lemma bounded_linear_cinner_left: "bounded_linear (\<lambda>x::'a::complex_inner. cinner x y)"
proof (rule bounded_linear_intro)
  show "cinner (r *\<^sub>R x) y = r *\<^sub>R cinner x y" for r x
    by (simp add: scaleR_scaleC cinner_scaleC_left scaleR_conv_of_real)
  show "norm (cinner x y) \<le> norm x * norm y" for x
    by (rule norm_cinner_le)
qed (rule cinner_add_left)

lemma riesz_representation:
  fixes g :: "'a::chilbert_space \<Rightarrow> complex"
  assumes g: "bounded_linear g" and hom: "\<And>c x. g (c *\<^sub>C x) = c * g x"
  shows "\<exists>w. \<forall>x. g x = cinner x w"
proof (cases "\<forall>x. g x = 0")
  case True
  then show ?thesis by (intro exI[of _ 0]) simp
next
  case False
  interpret bounded_linear g by (rule g)
  obtain x0 where "g x0 \<noteq> 0" using False by blast
  obtain m where "g m = 0" and orth: "\<And>k. g k = 0 \<Longrightarrow> cinner (x0 - m) k = 0"
    using kernel_orthogonal_decomposition[OF g, of x0] hom by auto
  define u where "u = x0 - m"
  have gu: "g u \<noteq> 0" using \<open>g x0 \<noteq> 0\<close> \<open>g m = 0\<close> by (simp add: u_def diff)
  then have "u \<noteq> 0" by auto
  then have uu: "cinner u u \<noteq> 0" by (simp add: cinner_eq_zero_iff)
  have "g x = cinner x (cnj (g u / cinner u u) *\<^sub>C u)" for x
  proof -
    have "g (x - (g x / g u) *\<^sub>C u) = 0" using gu by (simp add: diff hom)
    then have "cinner u (x - (g x / g u) *\<^sub>C u) = 0" using orth by (simp add: u_def)
    then have "cinner (x - (g x / g u) *\<^sub>C u) u = 0" by (metis cinner_commute complex_cnj_zero)
    then have "cinner x u = (g x / g u) * cinner u u"
      by (simp add: cinner.diff_left cinner_scaleC_left)
    then show ?thesis using uu gu by (simp add: cinner.scale_right field_simps)
  qed
  then show ?thesis by blast
qed

lemma cbounded_linear_imp_bounded_linear:
  assumes "cbounded_linear f" shows "bounded_linear f"
  using assms unfolding cbounded_linear_def
  by (auto intro!: bounded_linear_intro simp: scaleR_scaleC)

lemma cbounded_linear_bound:
  assumes "cbounded_linear f" shows "\<exists>K\<ge>0. \<forall>x. norm (f x) \<le> K * norm x"
proof -
  obtain K where K: "\<And>x. norm (f x) \<le> norm x * K"
    using assms unfolding cbounded_linear_def by blast
  have "norm (f x) \<le> \<bar>K\<bar> * norm x" for x
  proof -
    have "norm x * K \<le> norm x * \<bar>K\<bar>" by (intro mult_left_mono) auto
    then show ?thesis using K[of x] by (simp add: mult.commute)
  qed
  then show ?thesis by (intro exI[of _ "\<bar>K\<bar>"]) simp
qed

lemma cadj_adjoint:
  fixes T :: "'a::chilbert_space \<Rightarrow> 'a"
  assumes T: "cbounded_linear T"
  shows "cinner (T x) y = cinner x (cadj T y)"
proof -
  have "\<exists>w. \<forall>x. cinner (T x) y = cinner x w" for y
  proof (rule riesz_representation)
    show "bounded_linear (\<lambda>x. cinner (T x) y)"
      by (rule bounded_linear_compose[OF bounded_linear_cinner_left cbounded_linear_imp_bounded_linear[OF T]])
    show "cinner (T (c *\<^sub>C x)) y = c * cinner (T x) y" for c x
      using T by (simp add: cbounded_linear_def cinner_scaleC_left)
  qed
  then obtain T' where T': "\<And>x y. cinner (T x) y = cinner x (T' y)" by metis
  have "\<exists>!T'. \<forall>x y. cinner (T x) y = cinner x (T' y)"
  proof (rule ex1I)
    show "\<forall>x y. cinner (T x) y = cinner x (T' y)" using T' by blast
    fix T'' assume T'': "\<forall>x y. cinner (T x) y = cinner x (T'' y)"
    show "T'' = T'"
    proof
      fix y show "T'' y = T' y" by (rule cinner_right_eqI) (simp add: T'[symmetric] T'')
    qed
  qed
  from theI'[OF this] show ?thesis
    unfolding cadj_def by blast
qed

lemma mp_inv_eqI:
  assumes A: "cbounded_linear A" and orth: "\<And>k. A k = 0 \<Longrightarrow> cinner z k = 0" and "A z = y"
  shows "mp_inv A y = z"
  unfolding mp_inv_def
proof (rule the_equality)
  show "(\<forall>k. A k = 0 \<longrightarrow> cinner z k = 0) \<and> A z = y" using assms by blast
  fix z' assume z': "(\<forall>k. A k = 0 \<longrightarrow> cinner z' k = 0) \<and> A z' = y"
  have "A (z' - z) = 0"
    using z' \<open>A z = y\<close> linear_diff[OF bounded_linear.linear[OF cbounded_linear_imp_bounded_linear[OF A]]]
    by simp
  then have "cinner (z' - z) (z' - z) = 0"
    using z' orth by (simp add: cinner.diff_left)
  then show "z' = z" by (simp add: cinner_eq_zero_iff)
qed

lemma mp_inv_range:
  fixes A :: "'a::chilbert_space \<Rightarrow> 'a"
  assumes A: "cbounded_linear A"
  shows "A (mp_inv A (A v)) = A v" and "A k = 0 \<Longrightarrow> cinner (mp_inv A (A v)) k = 0"
proof -
  interpret bounded_linear A by (rule cbounded_linear_imp_bounded_linear[OF A])
  obtain m where "A m = 0" and orth: "\<And>k. A k = 0 \<Longrightarrow> cinner (v - m) k = 0"
    using kernel_orthogonal_decomposition[OF bounded_linear_axioms, of v] A
    by (auto simp: cbounded_linear_def)
  then have "mp_inv A (A v) = v - m"
    by (intro mp_inv_eqI[OF A]) (simp_all add: diff)
  then show "A (mp_inv A (A v)) = A v" and "A k = 0 \<Longrightarrow> cinner (mp_inv A (A v)) k = 0"
    using \<open>A m = 0\<close> orth by (simp_all add: diff)
qed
=======
■ What to work on ■
Please transcribe the material above in full, keeping every character intact.

■ Answer section ■
lemma bounded_linear_cinner_left: "bounded_linear (\<lambda>x::'a::complex_inner. cinner x y)"
proof (rule bounded_linear_intro)
  show "cinner (r *\<^sub>R x) y = r *\<^sub>R cinner x y" for r x
    by (simp add: scaleR_scaleC cinner_scaleC_left scaleR_conv_of_real)
  show "norm (cinner x y) \<le> norm x * norm y" for x
    by (rule norm_cinner_le)
qed (rule cinner_add_left)

lemma riesz_representation:
  fixes g :: "'a::chilbert_space \<Rightarrow> complex"
  assumes g: "bounded_linear g" and hom: "\<And>c x. g (c *\<^sub>C x) = c * g x"
  shows "\<exists>w. \<forall>x. g x = cinner x w"
proof (cases "\<forall>x. g x = 0")
  case True
  then show ?thesis by (intro exI[of _ 0]) simp
next
  case False
  interpret bounded_linear g by (rule g)
  obtain x0 where "g x0 \<noteq> 0" using False by blast
  obtain m where "g m = 0" and orth: "\<And>k. g k = 0 \<Longrightarrow> cinner (x0 - m) k = 0"
    using kernel_orthogonal_decomposition[OF g, of x0] hom by auto
  define u where "u = x0 - m"
  have gu: "g u \<noteq> 0" using \<open>g x0 \<noteq> 0\<close> \<open>g m = 0\<close> by (simp add: u_def diff)
  then have "u \<noteq> 0" by auto
  then have uu: "cinner u u \<noteq> 0" by (simp add: cinner_eq_zero_iff)
  have "g x = cinner x (cnj (g u / cinner u u) *\<^sub>C u)" for x
  proof -
    have "g (x - (g x / g u) *\<^sub>C u) = 0" using gu by (simp add: diff hom)
    then have "cinner u (x - (g x / g u) *\<^sub>C u) = 0" using orth by (simp add: u_def)
    then have "cinner (x - (g x / g u) *\<^sub>C u) u = 0" by (metis cinner_commute complex_cnj_zero)
    then have "cinner x u = (g x / g u) * cinner u u"
      by (simp add: cinner.diff_left cinner_scaleC_left)
    then show ?thesis using uu gu by (simp add: cinner.scale_right field_simps)
  qed
  then show ?thesis by blast
qed

lemma cbounded_linear_imp_bounded_linear:
  assumes "cbounded_linear f" shows "bounded_linear f"
  using assms unfolding cbounded_linear_def
  by (auto intro!: bounded_linear_intro simp: scaleR_scaleC)

lemma cbounded_linear_bound:
  assumes "cbounded_linear f" shows "\<exists>K\<ge>0. \<forall>x. norm (f x) \<le> K * norm x"
proof -
  obtain K where K: "\<And>x. norm (f x) \<le> norm x * K"
    using assms unfolding cbounded_linear_def by blast
  have "norm (f x) \<le> \<bar>K\<bar> * norm x" for x
  proof -
    have "norm x * K \<le> norm x * \<bar>K\<bar>" by (intro mult_left_mono) auto
    then show ?thesis using K[of x] by (simp add: mult.commute)
  qed
  then show ?thesis by (intro exI[of _ "\<bar>K\<bar>"]) simp
qed

lemma cadj_adjoint:
  fixes T :: "'a::chilbert_space \<Rightarrow> 'a"
  assumes T: "cbounded_linear T"
  shows "cinner (T x) y = cinner x (cadj T y)"
proof -
  have "\<exists>w. \<forall>x. cinner (T x) y = cinner x w" for y
  proof (rule riesz_representation)
    show "bounded_linear (\<lambda>x. cinner (T x) y)"
      by (rule bounded_linear_compose[OF bounded_linear_cinner_left cbounded_linear_imp_bounded_linear[OF T]])
    show "cinner (T (c *\<^sub>C x)) y = c * cinner (T x) y" for c x
      using T by (simp add: cbounded_linear_def cinner_scaleC_left)
  qed
  then obtain T' where T': "\<And>x y. cinner (T x) y = cinner x (T' y)" by metis
  have "\<exists>!T'. \<forall>x y. cinner (T x) y = cinner x (T' y)"
  proof (rule ex1I)
    show "\<forall>x y. cinner (T x) y = cinner x (T' y)" using T' by blast
    fix T'' assume T'': "\<forall>x y. cinner (T x) y = cinner x (T'' y)"
    show "T'' = T'"
    proof
      fix y show "T'' y = T' y" by (rule cinner_right_eqI) (simp add: T'[symmetric] T'')
    qed
  qed
  from theI'[OF this] show ?thesis
    unfolding cadj_def by blast
qed

lemma mp_inv_eqI:
  assumes A: "cbounded_linear A" and orth: "\<And>k. A k = 0 \<Longrightarrow> cinner z k = 0" and "A z = y"
  shows "mp_inv A y = z"
  unfolding mp_inv_def
proof (rule the_equality)
  show "(\<forall>k. A k = 0 \<longrightarrow> cinner z k = 0) \<and> A z = y" using assms by blast
  fix z' assume z': "(\<forall>k. A k = 0 \<longrightarrow> cinner z' k = 0) \<and> A z' = y"
  have "A (z' - z) = 0"
    using z' \<open>A z = y\<close> linear_diff[OF bounded_linear.linear[OF cbounded_linear_imp_bounded_linear[OF A]]]
    by simp
  then have "cinner (z' - z) (z' - z) = 0"
    using z' orth by (simp add: cinner.diff_left)
  then show "z' = z" by (simp add: cinner_eq_zero_iff)
qed

lemma mp_inv_range:
  fixes A :: "'a::chilbert_space \<Rightarrow> 'a"
  assumes A: "cbounded_linear A"
  shows "A (mp_inv A (A v)) = A v" and "A k = 0 \<Longrightarrow> cinner (mp_inv A (A v)) k = 0"
proof -
  interpret bounded_linear A by (rule cbounded_linear_imp_bounded_linear[OF A])
  obtain m where "A m = 0" and orth: "\<And>k. A k = 0 \<Longrightarrow> cinner (v - m) k = 0"
    using kernel_orthogonal_decomposition[OF bounded_linear_axioms, of v] A
    by (auto simp: cbounded_linear_def)
  then have "mp_inv A (A v) = v - m"
    by (intro mp_inv_eqI[OF A]) (simp_all add: diff)
  then show "A (mp_inv A (A v)) = A v" and "A k = 0 \<Longrightarrow> cinner (mp_inv A (A v)) k = 0"
    using \<open>A m = 0\<close> orth by (simp_all add: diff)
qed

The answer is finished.